# 2015 TD surges at low RPM/throttle



## Diesel4Ever (May 30, 2018)

Jonwan said:


> This started shortly after I took my Cruze in for the N1 sensor. While it was in for service I had them do an oil change and the fuel filter change. Shortly after the car began to surge heavily at low throttle. If I accelerate it goes away but returns slightly when I even out the throttle. It seams to be worse when the fuel tank is below 1/4.
> 
> Not having time to deal with it I kept the tank full but still feel it at times. 5 months went by and I changed the oil. Only to discover they put more than 6 quarts in when they last changed my oil. Does anyone think the extra oil messed something up or should I investigate a fuel flow issue. Ive been wondering, since they screwed up the oil change did they screw up the fuel filter change? No seal or maybe they never actually changed it and its getting clogged?
> 
> Going on 6 months now, thanks for any ideas.
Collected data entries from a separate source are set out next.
(* Let $k\ge3$, $1\le s\le k$, $r\le\min\{n_1,\dots,n_s\}$, $\mathcal A\in\mathbb R^{n_1}\otimes\cdots\otimes\mathbb R^{n_k}$ nonzero, and let $\{U_{[p]}\}$ be generated by the iAPD-ALS algorithm (described in the context) with proximal parameter $\epsilon>0$ and truncation parameter $\kappa$. If the $p$-th iteration is not a truncation iteration, then $$f(U_{[p]})-f(U_{[p-1]})\ge\frac{\min\{\epsilon,2\kappa^2\}}{2}\,\|U_{[p]}-U_{[p-1]}\|_F^2 .$$
   Context: Notation. $\mathrm V(m,n)=\{U\in\mathbb R^{n\times m}:U^{\mathsf T}U=I_m\}$; $\mathrm B(m,n)$: $n\times m$ real matrices with unit columns. $\mathcal A\tau(\mathbf u_1,\dots,\mathbf u_k)=\langle\mathcal A,\mathbf u_1\otimes\cdots\otimes\mathbf u_k\rangle$; $\mathcal A\tau_i(\mathbf u_1,\dots,\mathbf u_k)\in\mathbb R^{n_i}$ is the contraction of $\mathcal A$ with all $\mathbf u_l$, $l\ne i$. For $U=(U^{(1)},\dots,U^{(k)})$ with columns $\mathbf u^{(i)}_j$, $j\le t$: $f(U)=\sum_j\mathcal A\tau(\mathbf u^{(1)}_j,\dots,\mathbf u^{(k)}_j)^2$, $\|U\|_F^2=\sum_i\|U^{(i)}\|_F^2$. $\operatorname{Polar}(X)$ is the set of $Q\in\mathrm V(m,n)$ maximizing $\langle Q,X\rangle$. iAPD-ALS algorithm. Choose $U_{[0]}\in\mathrm V(r,n_1)\times\cdots\times\mathrm V(r,n_s)\times\mathrm B(r,n_{s+1})\times\cdots\times\mathrm B(r,n_k)$ with $f(U_{[0]})>0$ and $\kappa\in(0,\sqrt{f(U_{[0]})/r})$. For $p=1,2,\dots$ ($t$ = current number of columns, $\mathbf u^{(i)}_{j,[q]}$ = $j$-th column of $U^{(i)}_{[q]}$), let $\mathbf x^i_{j,[p]}=(\mathbf u^{(1)}_{j,[p]},\dots,\mathbf u^{(i-1)}_{j,[p]},\mathbf u^{(i)}_{j,[p-1]},\dots,\mathbf u^{(k)}_{j,[p-1]})$, $\lambda^{i-1}_{j,[p]}=\mathcal A\tau(\mathbf x^i_{j,[p]})$, $\Lambda^{(i)}_{[p]}=\operatorname{diag}(\lambda^{i-1}_{j,[p]})_j$, $V^{(i)}_{[p]}=[\mathcal A\tau_i(\mathbf x^i_{j,[p]})]_j$. (1) For $i=1,\dots,s$ in turn pick $U^{(i)}_{[p]}\in\operatorname{Polar}(V^{(i)}_{[p]}\Lambda^{(i)}_{[p]})$, and if the smallest eigenvalue of $(U^{(i)}_{[p]})^{\mathsf T}V^{(i)}_{[p]}\Lambda^{(i)}_{[p]}$ is $<\epsilon$, instead pick $U^{(i)}_{[p]}\in\operatorname{Polar}(V^{(i)}_{[p]}\Lambda^{(i)}_{[p]}+\epsilon U^{(i)}_{[p-1]})$. (2) Truncation: with $J=\{j:|((U^{(s)}_{[p]})^{\mathsf T}V^{(s)}_{[p]})_{jj}|<\kappa\}$, if $J\neq\emptyset$ (a truncation iteration) delete columns in $J$ from $U^{(1)}_{[p]},\dots,U^{(s)}_{[p]}$ and $U^{(s+1)}_{[p-1]},\dots,U^{(k)}_{[p-1]}$ and set $t:=t-|J|$. (3) For $i=s+1,\dots,k$ in turn, $\mathbf u^{(i)}_{j,[p]}=\operatorname{sgn}(\lambda^{i-1}_{j,[p]})\mathcal A\tau_i(\mathbf x^i_{j,[p]})/\|\mathcal A\tau_i(\mathbf x^i_{j,[p]})\|$. Set $U_{[p]}=(U^{(1)}_{[p]},\dots,U^{(k)}_{[p]})$ and iterate indefinitely. *)

theory Defs
  imports "HOL-Analysis.Analysis"
begin

text \<open>Modes are numbered 1..k, the dimension of mode i is n i.
A tensor is a real function on multi-indices; only its values on
tidx k n (multi-indices with 0 \<le> idx i < n i for i in 1..k) matter.
A vector in R^m is a function nat => real (entries 0..m-1).
A matrix with m rows is a function nat => nat => real, Q a j = entry in row a,
column j.  Columns are identified by their ORIGINAL labels j < r, and the
set of labels of the columns still present is carried explicitly; deleting
columns (truncation) = removing labels from that set.\<close>

type_synonym vec = "nat \<Rightarrow> real"
type_synonym mat = "nat \<Rightarrow> nat \<Rightarrow> real"
type_synonym tensor = "(nat \<Rightarrow> nat) \<Rightarrow> real"

definition tidx :: "nat \<Rightarrow> (nat \<Rightarrow> nat) \<Rightarrow> (nat \<Rightarrow> nat) set" where
  "tidx k n = PiE {1..k} (\<lambda>i. {..<n i})"

definition tcontr :: "nat \<Rightarrow> (nat \<Rightarrow> nat) \<Rightarrow> tensor \<Rightarrow> (nat \<Rightarrow> vec) \<Rightarrow> real" where
  "tcontr k n A u = (\<Sum>\<iota>\<in>tidx k n. A \<iota> * (\<Prod>l\<in>{1..k}. u l (\<iota> l)))"

definition tcontr_mode :: "nat \<Rightarrow> (nat \<Rightarrow> nat) \<Rightarrow> tensor \<Rightarrow> (nat \<Rightarrow> vec) \<Rightarrow> nat \<Rightarrow> vec" where
  "tcontr_mode k n A u i = (\<lambda>a. \<Sum>\<iota>\<in>{\<iota>\<in>tidx k n. \<iota> i = a}.
       A \<iota> * (\<Prod>l\<in>{1..k} - {i}. u l (\<iota> l)))"

definition orth_cols :: "nat \<Rightarrow> nat set \<Rightarrow> mat \<Rightarrow> bool" where
  "orth_cols m J Q \<longleftrightarrow>
     (\<forall>j\<in>J. \<forall>j'\<in>J. (\<Sum>a<m. Q a j * Q a j') = (if j = j' then 1 else 0))"

definition unit_cols :: "nat \<Rightarrow> nat set \<Rightarrow> mat \<Rightarrow> bool" where
  "unit_cols m J Q \<longleftrightarrow> (\<forall>j\<in>J. (\<Sum>a<m. (Q a j)\<^sup>2) = 1)"

definition frob_inner :: "nat \<Rightarrow> nat set \<Rightarrow> mat \<Rightarrow> mat \<Rightarrow> real" where
  "frob_inner m J P Q = (\<Sum>a<m. \<Sum>j\<in>J. P a j * Q a j)"

definition in_polar :: "nat \<Rightarrow> nat set \<Rightarrow> mat \<Rightarrow> mat \<Rightarrow> bool" where
  "in_polar m J X Q \<longleftrightarrow> orth_cols m J Q \<and>
     (\<forall>Q'. orth_cols m J Q' \<longrightarrow> frob_inner m J Q' X \<le> frob_inner m J Q X)"

definition mtmul :: "nat \<Rightarrow> mat \<Rightarrow> mat \<Rightarrow> mat" where
  "mtmul m Q X = (\<lambda>j j'. \<Sum>a<m. Q a j * X a j')"

definition real_eigenvalue :: "nat set \<Rightarrow> mat \<Rightarrow> real \<Rightarrow> bool" where
  "real_eigenvalue J M \<mu> \<longleftrightarrow>
     (\<exists>x::vec. (\<exists>j\<in>J. x j \<noteq> 0) \<and> (\<forall>j\<in>J. (\<Sum>j'\<in>J. M j j' * x j') = \<mu> * x j))"

text \<open>"the smallest eigenvalue of M is < e" (M is symmetric in the use below)\<close>
definition min_eig_less :: "nat set \<Rightarrow> mat \<Rightarrow> real \<Rightarrow> bool" where
  "min_eig_less J M e \<longleftrightarrow> (\<exists>\<mu>. real_eigenvalue J M \<mu> \<and> \<mu> < e)"

text \<open>An iterate sequence: U p i a j = entry (a,j) of U^(i)_[p]; the column j of
U^(i)_[p] is u^(i)_(j,[p]) = (\<lambda>a. U p i a j).\<close>

definition col :: "(nat \<Rightarrow> nat \<Rightarrow> mat) \<Rightarrow> nat \<Rightarrow> nat \<Rightarrow> nat \<Rightarrow> vec" where
  "col U q i j = (\<lambda>a. U q i a j)"

definition xvec :: "(nat \<Rightarrow> nat \<Rightarrow> mat) \<Rightarrow> nat \<Rightarrow> nat \<Rightarrow> nat \<Rightarrow> nat \<Rightarrow> vec" where
  "xvec U p i j = (\<lambda>l. if l < i then col U p l j else col U (p - 1) l j)"

definition lam :: "nat \<Rightarrow> (nat \<Rightarrow> nat) \<Rightarrow> tensor \<Rightarrow> (nat \<Rightarrow> nat \<Rightarrow> mat) \<Rightarrow> nat \<Rightarrow> nat \<Rightarrow> nat \<Rightarrow> real" where
  "lam k n A U p i j = tcontr k n A (xvec U p i j)"

definition Vmat :: "nat \<Rightarrow> (nat \<Rightarrow> nat) \<Rightarrow> tensor \<Rightarrow> (nat \<Rightarrow> nat \<Rightarrow> mat) \<Rightarrow> nat \<Rightarrow> nat \<Rightarrow> mat" where
  "Vmat k n A U p i = (\<lambda>a j. tcontr_mode k n A (xvec U p i j) i a)"

definition VLam :: "nat \<Rightarrow> (nat \<Rightarrow> nat) \<Rightarrow> tensor \<Rightarrow> (nat \<Rightarrow> nat \<Rightarrow> mat) \<Rightarrow> nat \<Rightarrow> nat \<Rightarrow> mat" where
  "VLam k n A U p i = (\<lambda>a j. Vmat k n A U p i a j * lam k n A U p i j)"
lemma corner_cells_imp_cornersupport:
  assumes cell: "is_cell n R j k"
    and "\<exists>j' k'. is_cell n R j' k' \<and> j' \<noteq> j \<and> k' \<noteq> k \<and>
      (\<not> T j k \<longrightarrow> T j' k' \<and> is_cell n R j k' \<and> \<not> T j k' \<and> \<not> suppl n R T j' k) \<and>
      (T j k \<longrightarrow> \<not> T j' k' \<and> is_cell n R j' k \<and> T j' k \<and> suppl n R T j k')"
  shows "cornersupport n R T j k"
proof -
  obtain j' k' where cell': "is_cell n R j' k'" and "j' \<noteq> j" "k' \<noteq> k"
    and zero: "\<not> T j k \<longrightarrow> T j' k' \<and> is_cell n R j k' \<and> \<not> T j k' \<and> \<not> suppl n R T j' k"
    and one: "T j k \<longrightarrow> \<not> T j' k' \<and> is_cell n R j' k \<and> T j' k \<and> suppl n R T j k'"
    using assms(2) by blast
  have S_cell: "suppl n R T a b \<longleftrightarrow> T a b" if "is_cell n R a b" for a b
    using T_iff_topple_time_less[OF that] by (simp add: suppl_iff)
  show ?thesis
    unfolding cornersupport_def
  proof (intro bexI conjI)
    show "j' \<in> R" "k' \<in> colset n R" using cellD[OF cell'] by auto
    show "j' \<noteq> j" "k' \<noteq> k" by fact+
    show "suppl n R T j' k' \<noteq> T j k" using zero one S_cell[OF cell'] by auto
    show "suppl n R T j' k = T j k" "suppl n R T j k' = T j k" using zero one S_cell by auto
  qed
qed

end

theorem corollary4p18:
  assumes "ferrers n R"
    and "T \<in> EWtab n R"
    and "is_cell n R j k"
  shows "cornersupport n R T j k \<longleftrightarrow>
    (\<exists>j' k'. is_cell n R j' k' \<and> j' \<noteq> j \<and> k' \<noteq> k \<and>
      (\<not> T j k \<longrightarrow> T j' k' \<and> is_cell n R j k' \<and> \<not> T j k' \<and> \<not> suppl n R T j' k) \<and>
      (T j k \<longrightarrow> \<not> T j' k' \<and> is_cell n R j' k \<and> T j' k \<and> suppl n R T j k'))"
proof -
  interpret ew_tableau n R T using assms(1,2) by unfold_locales
  show ?thesis
    using cornersupport_imp_gap gap_imp_corner_cells corner_cells_imp_cornersupport assms(3)
    by blast
qed

end
text \<open>epsilon_j(a \<otimes> b_i(k)) = max(eps_j a, eps_j(b_i(k)) - <wt a, alpha_j^vee>), where
  eps_j(b_i(k)) = -infinity for j \<noteq> i.\<close>
definition tens_eps :: "nat \<Rightarrow> ('b \<Rightarrow> nat \<Rightarrow> int) \<Rightarrow> (nat \<Rightarrow> 'b \<Rightarrow> int) \<Rightarrow> nat \<Rightarrow> nat \<Rightarrow> 'b \<times> int \<Rightarrow> int" where
  "tens_eps n wt eps i j x =
     (if j = i then max (eps i (fst x)) (- snd x - pairD n i (wt (fst x))) else eps j (fst x))"

text \<open>phi_j(a \<otimes> b_i(k)) = max(phi_j(b_i(k)), phi_j a + <wt b_i(k), alpha_j^vee>).\<close>
definition tens_phi :: "nat \<Rightarrow> (nat \<Rightarrow> 'b \<Rightarrow> int) \<Rightarrow> nat \<Rightarrow> nat \<Rightarrow> 'b \<times> int \<Rightarrow> int" where
  "tens_phi n phi i j x =
     (if j = i then max (snd x) (phi i (fst x) + 2 * snd x)
      else phi j (fst x) + snd x * cartanD n j i)"

definition tens_e :: "(nat \<Rightarrow> 'b \<Rightarrow> int) \<Rightarrow> (nat \<Rightarrow> 'b \<Rightarrow> 'b option) \<Rightarrow> nat \<Rightarrow> nat \<Rightarrow> 'b \<times> int \<Rightarrow> ('b \<times> int) option" where
  "tens_e phi e i j x =
     (if j = i \<and> - snd x > phi i (fst x) then Some (fst x, snd x + 1)
      else map_option (\<lambda>a. (a, snd x)) (e j (fst x)))"

definition tens_f :: "(nat \<Rightarrow> 'b \<Rightarrow> int) \<Rightarrow> (nat \<Rightarrow> 'b \<Rightarrow> 'b option) \<Rightarrow> nat \<Rightarrow> nat \<Rightarrow> 'b \<times> int \<Rightarrow> ('b \<times> int) option" where
  "tens_f phi f i j x =
     (if j = i \<and> - snd x \<ge> phi i (fst x) then Some (fst x, snd x - 1)
      else map_option (\<lambda>a. (a, snd x)) (f j (fst x)))"

definition strict_emb ::
  "nat \<Rightarrow> ('b \<Rightarrow> nat \<Rightarrow> int) \<Rightarrow> (nat \<Rightarrow> 'b \<Rightarrow> int) \<Rightarrow> (nat \<Rightarrow> 'b \<Rightarrow> int)
   \<Rightarrow> (nat \<Rightarrow> 'b \<Rightarrow> 'b option) \<Rightarrow> (nat \<Rightarrow> 'b \<Rightarrow> 'b option) \<Rightarrow> nat \<Rightarrow> ('b \<Rightarrow> 'b \<times> int) \<Rightarrow> bool" where
  "strict_emb n wt eps phi e f i Psi \<longleftrightarrow>
     inj Psi \<and>
     (\<forall>b. tens_wt wt i (Psi b) = wt b) \<and>
     (\<forall>j\<in>{1..n}. \<forall>b.
        tens_eps n wt eps i j (Psi b) = eps j b \<and>
        tens_phi n phi i j (Psi b) = phi j b \<and>
        tens_e phi e i j (Psi b) = map_option Psi (e j b) \<and>
        tens_f phi f i j (Psi b) = map_option Psi (f j b))"

text \<open>(B, b_inf, eps, phi, e, f) satisfies the Kashiwara--Saito characterization of B(infinity)
  (Kashiwara--Saito 1997, Prop. 3.2.3), with Psi_i the strict embeddings B \<hookrightarrow> B \<otimes> B_i,
  Psi_i(b_inf) = b_inf \<otimes> b_i(0); eps_i(b) = max{k. e_i^k b \<noteq> 0}; and star is an
  involution fixing b_inf with Kashiwara's formula
  Psi_i(b) = (e_i^* )^{eps_i^*(b)} b \<otimes> b_i(-eps_i^*(b)),  eps_i^*(b) = eps_i(b^*),
  which (given Psi_i) determines star uniquely; hence these data are exactly
  (B(infinity), *, Psi_i) up to isomorphism.\<close>
definition is_Binf_D ::
  "nat \<Rightarrow> ('b \<Rightarrow> nat \<Rightarrow> int) \<Rightarrow> (nat \<Rightarrow> 'b \<Rightarrow> int) \<Rightarrow> (nat \<Rightarrow> 'b \<Rightarrow> int)
   \<Rightarrow> (nat \<Rightarrow> 'b \<Rightarrow> 'b option) \<Rightarrow> (nat \<Rightarrow> 'b \<Rightarrow> 'b option) \<Rightarrow> 'b
   \<Rightarrow> ('b \<Rightarrow> 'b) \<Rightarrow> (nat \<Rightarrow> 'b \<Rightarrow> 'b \<times> int) \<Rightarrow> bool" where
  "is_Binf_D n wt eps phi e f binf star Psi \<longleftrightarrow>
     int_crystal n wt eps phi e f \<and>
     (\<forall>b. \<forall>j. j \<notin> {1..n} \<longrightarrow> wt b j = 0) \<and>
     (\<forall>b. \<forall>j. wt b j \<le> 0) \<and>
     (\<forall>b. wt b = (\<lambda>_. 0) \<longleftrightarrow> b = binf) \<and>
     (\<forall>i\<in>{1..n}. eps i binf = 0) \<and>
     (\<forall>i\<in>{1..n}. \<forall>b. eps i b \<ge> 0 \<and> iter_opt (e i) (nat (eps i b)) b \<noteq> None
                        \<and> iter_opt (e i) (nat (eps i b) + 1) b = None) \<and>
     (\<forall>i\<in>{1..n}. strict_emb n wt eps phi e f i (Psi i) \<and> Psi i binf = (binf, 0)) \<and>
     (\<forall>i\<in>{1..n}. \<forall>b. snd (Psi i b) \<le> 0) \<and>
     (\<forall>b. b \<noteq> binf \<longrightarrow> (\<exists>i\<in>{1..n}. snd (Psi i b) < 0)) \<and>
     (\<forall>b. star (star b) = b) \<and> star binf = binf \<and>
     (\<forall>i\<in>{1..n}. \<forall>b. snd (Psi i b) = - eps i (star b) \<and>
        iter_opt (f i) (nat (eps i (star b))) (star (fst (Psi i b))) = Some (star b))"

definition fstar :: "(nat \<Rightarrow> 'b \<Rightarrow> 'b option) \<Rightarrow> ('b \<Rightarrow> 'b) \<Rightarrow> nat \<Rightarrow> 'b \<Rightarrow> 'b option" where
  "fstar f star i b = map_option star (f i (star b))"

text \<open>f^*_{i_m} ... f^*_{i_1} b  (f^*_{i_1} applied first)\<close>
definition fstar_seq :: "(nat \<Rightarrow> 'b \<Rightarrow> 'b option) \<Rightarrow> ('b \<Rightarrow> 'b) \<Rightarrow> nat list \<Rightarrow> 'b \<Rightarrow> 'b option" where
  "fstar_seq f star js b = foldl (\<lambda>x i. Option.bind x (fstar f star i)) (Some b) js"

text \<open>f_{i_1} f_{i_2} ... f_{i_m} b  (f_{i_m} applied first)\<close>
definition f_seq :: "(nat \<Rightarrow> 'b \<Rightarrow> 'b option) \<Rightarrow> nat list \<Rightarrow> 'b \<Rightarrow> 'b option" where
  "f_seq f js b = foldr (\<lambda>i x. Option.bind x (f i)) js (Some b)"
High oil level creates foam and is bad for the bearings. If it’s really high it can enter the intake. 

Check your air filter and see if oil is present.

How much was in it?

Folks, ALWAYS CHECK YOUR OIL LEVEL AFTER AN OIL CHANGE!!! and periodically when you fill up. It literally takes 2 minutes!!! Most lube techs make minimum wage and don’t care about your vehicle!!!


----------



## firehawk618 (Feb 24, 2013)

Check in the gen 1 diesel forum. You might have better luck there.


----------



## Jonwan (Jun 30, 2018)

Thanks for the reply Diesel. I drained about 7 quarts. 2.25 too much.


----------



## Snipesy (Dec 7, 2015)

Does the oil seem really thin?


----------



## Jonwan (Jun 30, 2018)

The only thing possibly out of the norm with the oil is that it seems a little dark when Im only at 75%.


----------



## Jonwan (Jun 30, 2018)

Im pretty sure I found the problem. I changed the fuel filter...the dealership charged me 120 + an hour labor and I'm guessing they didn't even change it cause the problem is gone.


----------